[Data records Boundary: Start]
(* For all integers $r \geq 3$ and $k \geq \max\{r-1,4\}$, we have $N(k,r) \geq (2r-4)k$.
   Context: A $k$-power is a word of the form $u^k$ (concatenation of $k$ copies of $u$) with $u$ nonempty. An $r$-antipower is a word $u_1 \cdots u_r$ with $|u_1| = \cdots = |u_r|$ and $u_1,\dots,u_r$ pairwise distinct. $N(k,r)$ is the smallest integer $\ell$ such that every binary word (over $\{0,1\}$) of length $\ell$ contains either a $k$-power or an $r$-antipower as a factor (contiguous subword). *)

theory Defs
  imports Main
begin

definition is_factor :: "'a list \<Rightarrow> 'a list \<Rightarrow> bool" where
  "is_factor v w \<longleftrightarrow> (\<exists>p s. w = p @ v @ s)"

definition is_power :: "nat \<Rightarrow> 'a list \<Rightarrow> bool" where
  "is_power k w \<longleftrightarrow> (\<exists>u. u \<noteq> [] \<and> w = concat (replicate k u))"

definition is_antipower :: "nat \<Rightarrow> 'a list \<Rightarrow> bool" where
  "is_antipower r w \<longleftrightarrow> (\<exists>us. length us = r \<and> w = concat us \<and> distinct us \<and>
      (\<forall>u\<in>set us. \<forall>v\<in>set us. length u = length v))"

definition N :: "nat \<Rightarrow> nat \<Rightarrow> nat" where
  "N k r = (LEAST l. \<forall>w :: bool list. length w = l \<longrightarrow>
      (\<exists>v. is_factor v w \<and> (is_power k v \<or> is_antipower r v)))"

end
[Data records Boundary: End]
◆ What is expected ◆
Return all of the data above verbatim.

◆ Answer for the task ◆
(* For all integers $r \geq 3$ and $k \geq \max\{r-1,4\}$, we have $N(k,r) \geq (2r-4)k$.
   Context: A $k$-power is a word of the form $u^k$ (concatenation of $k$ copies of $u$) with $u$ nonempty. An $r$-antipower is a word $u_1 \cdots u_r$ with $|u_1| = \cdots = |u_r|$ and $u_1,\dots,u_r$ pairwise distinct. $N(k,r)$ is the smallest integer $\ell$ such that every binary word (over $\{0,1\}$) of length $\ell$ contains either a $k$-power or an $r$-antipower as a factor (contiguous subword). *)

theory Defs
  imports Main
begin

definition is_factor :: "'a list \<Rightarrow> 'a list \<Rightarrow> bool" where
  "is_factor v w \<longleftrightarrow> (\<exists>p s. w = p @ v @ s)"

definition is_power :: "nat \<Rightarrow> 'a list \<Rightarrow> bool" where
  "is_power k w \<longleftrightarrow> (\<exists>u. u \<noteq> [] \<and> w = concat (replicate k u))"

definition is_antipower :: "nat \<Rightarrow> 'a list \<Rightarrow> bool" where
  "is_antipower r w \<longleftrightarrow> (\<exists>us. length us = r \<and> w = concat us \<and> distinct us \<and>
      (\<forall>u\<in>set us. \<forall>v\<in>set us. length u = length v))"

definition N :: "nat \<Rightarrow> nat \<Rightarrow> nat" where
  "N k r = (LEAST l. \<forall>w :: bool list. length w = l \<longrightarrow>
      (\<exists>v. is_factor v w \<and> (is_power k v \<or> is_antipower r v)))"

end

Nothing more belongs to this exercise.